Saved data entries
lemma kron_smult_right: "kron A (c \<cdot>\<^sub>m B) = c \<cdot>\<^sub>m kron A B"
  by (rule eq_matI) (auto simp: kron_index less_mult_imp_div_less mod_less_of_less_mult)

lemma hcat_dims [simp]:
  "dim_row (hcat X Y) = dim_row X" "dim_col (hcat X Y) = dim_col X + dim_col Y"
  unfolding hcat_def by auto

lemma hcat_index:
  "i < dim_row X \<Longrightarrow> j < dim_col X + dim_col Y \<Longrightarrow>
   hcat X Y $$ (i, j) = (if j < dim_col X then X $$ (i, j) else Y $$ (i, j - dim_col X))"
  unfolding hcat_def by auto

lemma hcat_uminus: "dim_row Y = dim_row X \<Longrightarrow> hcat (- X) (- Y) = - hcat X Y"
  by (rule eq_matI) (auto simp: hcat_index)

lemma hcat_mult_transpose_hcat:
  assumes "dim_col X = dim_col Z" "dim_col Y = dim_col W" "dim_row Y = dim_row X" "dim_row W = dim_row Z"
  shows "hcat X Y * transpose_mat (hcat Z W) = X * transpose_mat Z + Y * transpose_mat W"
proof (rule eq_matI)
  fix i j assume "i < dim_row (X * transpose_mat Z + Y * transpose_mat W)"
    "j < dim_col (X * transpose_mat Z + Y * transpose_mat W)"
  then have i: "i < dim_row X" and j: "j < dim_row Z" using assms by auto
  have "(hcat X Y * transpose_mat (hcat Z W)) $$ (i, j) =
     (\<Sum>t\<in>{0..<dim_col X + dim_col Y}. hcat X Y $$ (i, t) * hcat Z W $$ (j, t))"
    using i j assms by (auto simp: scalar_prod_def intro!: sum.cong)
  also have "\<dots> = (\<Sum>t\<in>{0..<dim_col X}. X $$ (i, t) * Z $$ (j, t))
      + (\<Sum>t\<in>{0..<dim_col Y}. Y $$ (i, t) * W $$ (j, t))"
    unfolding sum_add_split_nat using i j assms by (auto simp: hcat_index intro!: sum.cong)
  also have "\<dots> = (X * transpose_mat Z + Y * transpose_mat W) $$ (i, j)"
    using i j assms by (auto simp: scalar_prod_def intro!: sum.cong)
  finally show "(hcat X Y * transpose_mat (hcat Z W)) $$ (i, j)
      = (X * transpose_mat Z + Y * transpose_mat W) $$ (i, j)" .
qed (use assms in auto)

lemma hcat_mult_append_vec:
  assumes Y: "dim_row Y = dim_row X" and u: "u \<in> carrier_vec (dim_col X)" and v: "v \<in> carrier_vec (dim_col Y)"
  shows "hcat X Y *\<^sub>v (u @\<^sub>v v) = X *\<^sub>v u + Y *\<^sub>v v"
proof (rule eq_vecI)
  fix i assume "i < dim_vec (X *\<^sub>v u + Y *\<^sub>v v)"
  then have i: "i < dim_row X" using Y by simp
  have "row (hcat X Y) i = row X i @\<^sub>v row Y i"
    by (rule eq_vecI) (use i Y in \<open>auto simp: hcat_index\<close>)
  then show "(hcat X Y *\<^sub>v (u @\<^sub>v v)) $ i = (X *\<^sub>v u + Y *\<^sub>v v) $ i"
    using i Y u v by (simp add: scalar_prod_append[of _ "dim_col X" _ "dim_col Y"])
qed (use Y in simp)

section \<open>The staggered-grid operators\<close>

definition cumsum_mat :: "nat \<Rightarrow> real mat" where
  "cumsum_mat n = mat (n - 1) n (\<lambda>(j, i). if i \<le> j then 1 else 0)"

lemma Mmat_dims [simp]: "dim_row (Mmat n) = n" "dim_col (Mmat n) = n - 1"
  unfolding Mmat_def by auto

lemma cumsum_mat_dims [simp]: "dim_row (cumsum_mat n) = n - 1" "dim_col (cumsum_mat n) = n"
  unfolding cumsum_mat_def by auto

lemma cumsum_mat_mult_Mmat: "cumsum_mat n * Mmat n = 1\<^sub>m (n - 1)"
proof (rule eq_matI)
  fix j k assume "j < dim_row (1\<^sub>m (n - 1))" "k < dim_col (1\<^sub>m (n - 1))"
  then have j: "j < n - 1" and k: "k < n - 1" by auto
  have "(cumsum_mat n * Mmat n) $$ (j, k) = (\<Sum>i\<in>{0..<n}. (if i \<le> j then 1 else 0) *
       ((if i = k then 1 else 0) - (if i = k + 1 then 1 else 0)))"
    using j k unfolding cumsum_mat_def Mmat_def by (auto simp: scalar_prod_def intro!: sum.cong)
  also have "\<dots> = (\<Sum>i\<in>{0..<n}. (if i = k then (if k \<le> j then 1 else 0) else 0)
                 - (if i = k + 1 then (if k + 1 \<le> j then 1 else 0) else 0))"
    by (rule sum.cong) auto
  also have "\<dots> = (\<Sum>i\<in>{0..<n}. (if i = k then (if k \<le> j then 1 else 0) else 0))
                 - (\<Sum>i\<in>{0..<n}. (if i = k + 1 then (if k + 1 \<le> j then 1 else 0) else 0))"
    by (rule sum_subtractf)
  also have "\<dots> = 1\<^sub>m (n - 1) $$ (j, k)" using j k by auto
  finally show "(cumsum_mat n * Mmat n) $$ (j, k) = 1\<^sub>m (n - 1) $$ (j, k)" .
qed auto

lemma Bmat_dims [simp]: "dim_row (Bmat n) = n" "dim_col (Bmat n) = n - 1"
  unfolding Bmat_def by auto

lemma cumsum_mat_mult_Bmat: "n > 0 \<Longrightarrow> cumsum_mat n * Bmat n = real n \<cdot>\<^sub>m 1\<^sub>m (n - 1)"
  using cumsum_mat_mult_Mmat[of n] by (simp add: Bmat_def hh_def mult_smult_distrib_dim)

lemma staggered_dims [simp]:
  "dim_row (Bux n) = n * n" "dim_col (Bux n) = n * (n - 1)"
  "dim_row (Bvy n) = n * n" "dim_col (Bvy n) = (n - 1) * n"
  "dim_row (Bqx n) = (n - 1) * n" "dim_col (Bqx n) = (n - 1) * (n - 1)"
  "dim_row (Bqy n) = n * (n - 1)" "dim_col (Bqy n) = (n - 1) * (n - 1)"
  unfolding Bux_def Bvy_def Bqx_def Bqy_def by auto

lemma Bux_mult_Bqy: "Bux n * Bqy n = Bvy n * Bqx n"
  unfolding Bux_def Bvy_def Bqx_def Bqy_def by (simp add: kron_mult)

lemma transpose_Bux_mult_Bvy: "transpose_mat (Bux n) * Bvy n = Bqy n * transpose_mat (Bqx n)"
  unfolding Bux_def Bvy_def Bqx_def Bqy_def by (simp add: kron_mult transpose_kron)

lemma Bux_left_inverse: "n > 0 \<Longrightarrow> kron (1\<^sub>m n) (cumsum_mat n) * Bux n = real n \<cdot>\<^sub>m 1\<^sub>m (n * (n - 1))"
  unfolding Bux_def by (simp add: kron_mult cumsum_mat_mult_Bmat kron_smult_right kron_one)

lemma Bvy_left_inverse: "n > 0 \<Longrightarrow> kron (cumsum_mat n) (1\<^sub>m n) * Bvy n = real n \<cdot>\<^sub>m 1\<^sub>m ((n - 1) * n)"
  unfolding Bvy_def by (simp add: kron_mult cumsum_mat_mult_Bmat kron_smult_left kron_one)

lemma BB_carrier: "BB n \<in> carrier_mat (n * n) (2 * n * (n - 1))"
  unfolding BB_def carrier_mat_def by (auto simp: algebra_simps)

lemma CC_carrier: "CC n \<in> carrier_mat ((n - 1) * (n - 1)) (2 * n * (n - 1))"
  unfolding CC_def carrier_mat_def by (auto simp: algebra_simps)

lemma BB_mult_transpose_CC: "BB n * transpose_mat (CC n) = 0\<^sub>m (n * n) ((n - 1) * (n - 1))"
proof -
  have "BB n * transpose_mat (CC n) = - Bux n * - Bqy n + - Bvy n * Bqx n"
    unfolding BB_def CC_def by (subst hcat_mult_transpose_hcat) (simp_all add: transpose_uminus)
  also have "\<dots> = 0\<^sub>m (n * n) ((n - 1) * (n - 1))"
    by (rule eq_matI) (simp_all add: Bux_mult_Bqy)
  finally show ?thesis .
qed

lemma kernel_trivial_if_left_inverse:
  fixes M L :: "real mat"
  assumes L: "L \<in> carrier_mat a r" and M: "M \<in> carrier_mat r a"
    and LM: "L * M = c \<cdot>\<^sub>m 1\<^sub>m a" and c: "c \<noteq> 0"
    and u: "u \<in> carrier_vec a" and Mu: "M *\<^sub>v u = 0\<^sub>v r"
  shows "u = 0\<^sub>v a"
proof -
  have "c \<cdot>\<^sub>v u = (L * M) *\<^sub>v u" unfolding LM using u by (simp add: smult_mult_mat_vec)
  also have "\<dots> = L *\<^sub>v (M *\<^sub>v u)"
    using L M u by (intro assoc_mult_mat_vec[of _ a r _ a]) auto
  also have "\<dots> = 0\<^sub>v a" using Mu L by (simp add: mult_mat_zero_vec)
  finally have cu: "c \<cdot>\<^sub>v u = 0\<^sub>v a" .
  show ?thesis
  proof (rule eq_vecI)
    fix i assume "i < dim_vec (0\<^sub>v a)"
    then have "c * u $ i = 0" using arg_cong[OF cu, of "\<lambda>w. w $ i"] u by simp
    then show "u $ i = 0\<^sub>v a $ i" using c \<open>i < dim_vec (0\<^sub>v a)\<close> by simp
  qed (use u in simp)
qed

- _ABOUT THIS TASK_
Take the entries above and copy them exactly from the first line through the line with "fix i j assume"; leave out every line after it.

- _EXERCISE SOLUTION_
lemma kron_smult_right: "kron A (c \<cdot>\<^sub>m B) = c \<cdot>\<^sub>m kron A B"
  by (rule eq_matI) (auto simp: kron_index less_mult_imp_div_less mod_less_of_less_mult)

lemma hcat_dims [simp]:
  "dim_row (hcat X Y) = dim_row X" "dim_col (hcat X Y) = dim_col X + dim_col Y"
  unfolding hcat_def by auto

lemma hcat_index:
  "i < dim_row X \<Longrightarrow> j < dim_col X + dim_col Y \<Longrightarrow>
   hcat X Y $$ (i, j) = (if j < dim_col X then X $$ (i, j) else Y $$ (i, j - dim_col X))"
  unfolding hcat_def by auto

lemma hcat_uminus: "dim_row Y = dim_row X \<Longrightarrow> hcat (- X) (- Y) = - hcat X Y"
  by (rule eq_matI) (auto simp: hcat_index)

lemma hcat_mult_transpose_hcat:
  assumes "dim_col X = dim_col Z" "dim_col Y = dim_col W" "dim_row Y = dim_row X" "dim_row W = dim_row Z"
  shows "hcat X Y * transpose_mat (hcat Z W) = X * transpose_mat Z + Y * transpose_mat W"
proof (rule eq_matI)
  fix i j assume "i < dim_row (X * transpose_mat Z + Y * transpose_mat W)"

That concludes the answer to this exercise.